TI: So you helped reestablish that connection?

AO: Yes, we established it, yes.

TI: Good, and then you know, back to the fish market, Tsukiji, yeah, I mean, did you visit the fish market when you were in Tokyo?

AO: Now when was this again now?

TI: This was when you were still... during the occupation.

AO: No, no, I never did, that was the end because after that I went to Osaka, so I never did spend any time in Tokyo after that.

TI: So why don't we... are there any other stories Japan or should we go to Hawaii now?

AO: Well, I don't know but I probably think about it later but no, I can't think of anything here.

TI: Okay, so let's... so you finally after being in the service --

AO: Well, one thing, yes, one thing was when I was in Osaka, one of my fellow officers, officer from Hawaii he wanted to go to Hiroshima so we passed through Hiroshima very fast because he was looking for his relative. And he was able to find the relative quite a bit outside of the city so he was not killed by the atomic bomb.
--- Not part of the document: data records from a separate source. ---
text \<open>The centre n_j is reached from m_j in at most 2^(j^2)/2 steps, so subexponential growth
  of the partial sums transfers a bound R on the energy up to m_j to the centre.\<close>
lemma center_energy:
  fixes p :: "nat \<Rightarrow> real" and \<beta> :: real and N j :: nat
  assumes "\<beta> \<ge> 0" "mC j \<ge> N" "j \<ge> 1"
    and growth: "\<And>m h. m \<ge> N \<Longrightarrow> (\<Sum>k\<le>m+h. (p k)^2) \<le> exp (\<beta> * h) * (\<Sum>k\<le>m. (p k)^2)"
    and prefix: "(\<Sum>k\<le>mC j. (p k)^2) \<le> R"
  shows "(p (centerC j - 1))^2 + (p (centerC j))^2 \<le> exp (\<beta> * 2 ^ (j^2) / 2) * R"
proof -
  define h where "h = (2::nat) ^ (j^2) div 2"
  have center: "centerC j = mC j + h" unfolding centerC_def h_def ..
  have "centerC j \<ge> 1" using mC_lower[of j] \<open>j \<ge> 1\<close> center by simp
  hence "(p (centerC j - 1))^2 + (p (centerC j))^2 = (\<Sum>k\<in>{centerC j - 1, centerC j}. (p k)^2)"
    by simp
  also have "\<dots> \<le> (\<Sum>k\<le>centerC j. (p k)^2)" by (rule sum_mono2) auto
  also have "\<dots> \<le> exp (\<beta> * h) * (\<Sum>k\<le>mC j. (p k)^2)"
    unfolding center using growth \<open>mC j \<ge> N\<close> .
  also have "\<dots> \<le> exp (\<beta> * 2 ^ (j^2) / 2) * (\<Sum>k\<le>mC j. (p k)^2)"
  proof -
    have "real h \<le> 2 ^ (j^2) / 2"
      unfolding h_def using of_nat_div_le_of_nat[of "(2::nat)^(j^2)" 2] by simp
    hence "\<beta> * h \<le> \<beta> * 2 ^ (j^2) / 2"
      using mult_left_mono[OF _ \<open>\<beta> \<ge> 0\<close>] by fastforce
    thus ?thesis by (intro mult_right_mono) (auto simp: sum_nonneg)
  qed
  also have "\<dots> \<le> exp (\<beta> * 2 ^ (j^2) / 2) * R" using prefix by simp
  finally show ?thesis .
qed

lemma center_bounds_rescaled:
  fixes D \<beta> X E R :: real and j :: nat
  assumes "D > 0"
    and lower: "inverse (D ^ (j + 1)) * exp (\<beta> * X) \<le> sqrt E"
    and upper: "E \<le> exp (\<beta> * X / 2) * R"
  shows "exp (3 * \<beta> / 2 * X) \<le> D^2 * (D^2)^j * R"
proof -
  define P where "P = D^2 * (D^2)^j"
  have "P > 0" unfolding P_def using \<open>D > 0\<close> by simp
  have "exp (\<beta> * X)^2 = exp (2 * (\<beta> * X))" by (rule exp_double[symmetric])
  also have "2 * (\<beta> * X) = \<beta> * X / 2 + 3 * \<beta> / 2 * X" by (simp add: field_simps)
  also have "exp \<dots> = exp (\<beta> * X / 2) * exp (3 * \<beta> / 2 * X)" by (rule exp_add)
  finally have exp_sq: "exp (\<beta> * X)^2 = exp (\<beta> * X / 2) * exp (3 * \<beta> / 2 * X)" .
  have P_eq: "(D ^ (j + 1))^2 = P" unfolding P_def power_Suc2[of D j, unfolded Suc_eq_plus1]
    by (metis power_mult power_mult_distrib mult.commute)
  have "exp (\<beta> * X / 2) * exp (3 * \<beta> / 2 * X) / P = (inverse (D ^ (j + 1)) * exp (\<beta> * X))^2"
    unfolding power_mult_distrib power_inverse exp_sq P_eq divide_inverse_commute ..
  also have "\<dots> \<le> (sqrt E)^2"
    using lower \<open>D > 0\<close> by (intro power_mono) auto
  also have "\<dots> = E"
  proof -
    have "0 < inverse (D ^ (j + 1)) * exp (\<beta> * X)" using \<open>D > 0\<close> by simp
    hence "0 < sqrt E" using lower by linarith
    thus ?thesis by simp
  qed
  also have "\<dots> \<le> exp (\<beta> * X / 2) * R" by (rule upper)
  finally have "exp (\<beta> * X / 2) * exp (3 * \<beta> / 2 * X) \<le> exp (\<beta> * X / 2) * R * P"
    using \<open>P > 0\<close> by (simp add: pos_divide_le_eq)
  hence "exp (3 * \<beta> / 2 * X) \<le> R * P" by (simp add: mult.assoc)
  thus ?thesis unfolding P_def by (simp only: mult.commute)
qed

theorem proposition4p3:
  fixes x0 C D \<alpha> \<beta> :: real
  assumes "C > 0" and "D > 0" and "\<alpha> > 0" and "\<beta> > 0"
    and i: "\<And>j n. j \<ge> 1 \<Longrightarrow> n \<in> blockC j \<union> blockA (j + 1) \<Longrightarrow>
              \<bar>jac_p n x0\<bar> \<le> C ^ (j + 1) * exp (\<alpha> * 2 ^ (j^2))"
    and ii: "\<forall>\<^sub>F j in sequentially.
              sqrt ((jac_p (centerC j - 1) x0)^2 + (jac_p (centerC j) x0)^2)
                \<ge> inverse (D ^ (j + 1)) * exp (\<beta> * 2 ^ (j^2))"
  shows "\<not> ((\<lambda>n. (jac_p n x0)^2 / (\<Sum>k\<le>n. (jac_p k x0)^2)) \<longlonglongrightarrow> 0)"
proof
  define p where "p n = jac_p n x0" for n
  define M where "M = max 1 C ^ 2"
  assume "(\<lambda>n. (jac_p n x0)^2 / (\<Sum>k\<le>n. (jac_p k x0)^2)) \<longlonglongrightarrow> 0"
  then obtain N where growth:
      "\<And>m h. m \<ge> N \<Longrightarrow> (\<Sum>k\<le>m+h. (p k)^2) \<le> exp (\<beta> * h) * (\<Sum>k\<le>m. (p k)^2)"
    using partial_sums_subexponential[of "\<lambda>k. (p k)^2" \<beta>] \<open>\<beta> > 0\<close> unfolding p_def by auto
  obtain K where "K > 0" and prefix:
      "\<And>j. j \<ge> 1 \<Longrightarrow> (\<Sum>k\<le>mC j. (p k)^2) \<le> energy_envelope K M (2 * \<alpha>) j"
    using prefix_energy_bound[where p = p, OF \<open>C > 0\<close> _ i[folded p_def]] \<open>\<alpha> > 0\<close>
    unfolding M_def by auto
  have "0 < D^2 * K" "0 < D^2 * M" "0 < 3 * \<beta> / 2"
    using \<open>D > 0\<close> \<open>K > 0\<close> \<open>\<beta> > 0\<close> unfolding M_def by auto
  from energy_envelope_negligible[OF this, of "2 * \<alpha>"]
  have dominated: "\<forall>\<^sub>F j in sequentially.
      D^2 * (D^2)^j * energy_envelope K M (2 * \<alpha>) j < exp (3 * \<beta> / 2 * 2 ^ (j^2))"
    unfolding energy_envelope_scale .
  obtain j where j: "j \<ge> max 1 N"
    and small: "D^2 * (D^2)^j * energy_envelope K M (2 * \<alpha>) j < exp (3 * \<beta> / 2 * 2 ^ (j^2))"
    and lower: "inverse (D ^ (j + 1)) * exp (\<beta> * 2 ^ (j^2))
                  \<le> sqrt ((p (centerC j - 1))^2 + (p (centerC j))^2)"
    using eventually_conj[OF eventually_conj[OF eventually_ge_at_top[of "max 1 N"] dominated] ii]
    unfolding eventually_sequentially p_def by auto
  have "(p (centerC j - 1))^2 + (p (centerC j))^2
          \<le> exp (\<beta> * 2 ^ (j^2) / 2) * energy_envelope K M (2 * \<alpha>) j"
    using \<open>\<beta> > 0\<close> j mC_lower[of j] by (intro center_energy growth prefix) auto
  with \<open>D > 0\<close> lower have "exp (3 * \<beta> / 2 * 2 ^ (j^2)) \<le> D^2 * (D^2)^j * energy_envelope K M (2 * \<alpha>) j"
    by (intro center_bounds_rescaled)
  with small show False by simp
qed

end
But from there, what we did was we went together by jeep, we went to Sasebo which was a big naval base for the Japanese Navy and there we visited the naval base and we saw several large battleships and other ships all sunk, they had been sunk by the Japanese themselves, you know, to prevent the American Navy from taking it over. But they were all in the water and I took pictures of all the ships. That was another interesting, you know, short trip.

TI: And why did they... they sunk 'em so that the Americans couldn't use them even though the war was --

AO: Well, before the war ended they sunk it you see?

TI: Oh, before the war ended. Okay, interesting, did you visit in Hiroshima the blast area?

AO: I just passed through when we went through by train, you know.

TI: Okay, so you didn't get a good view.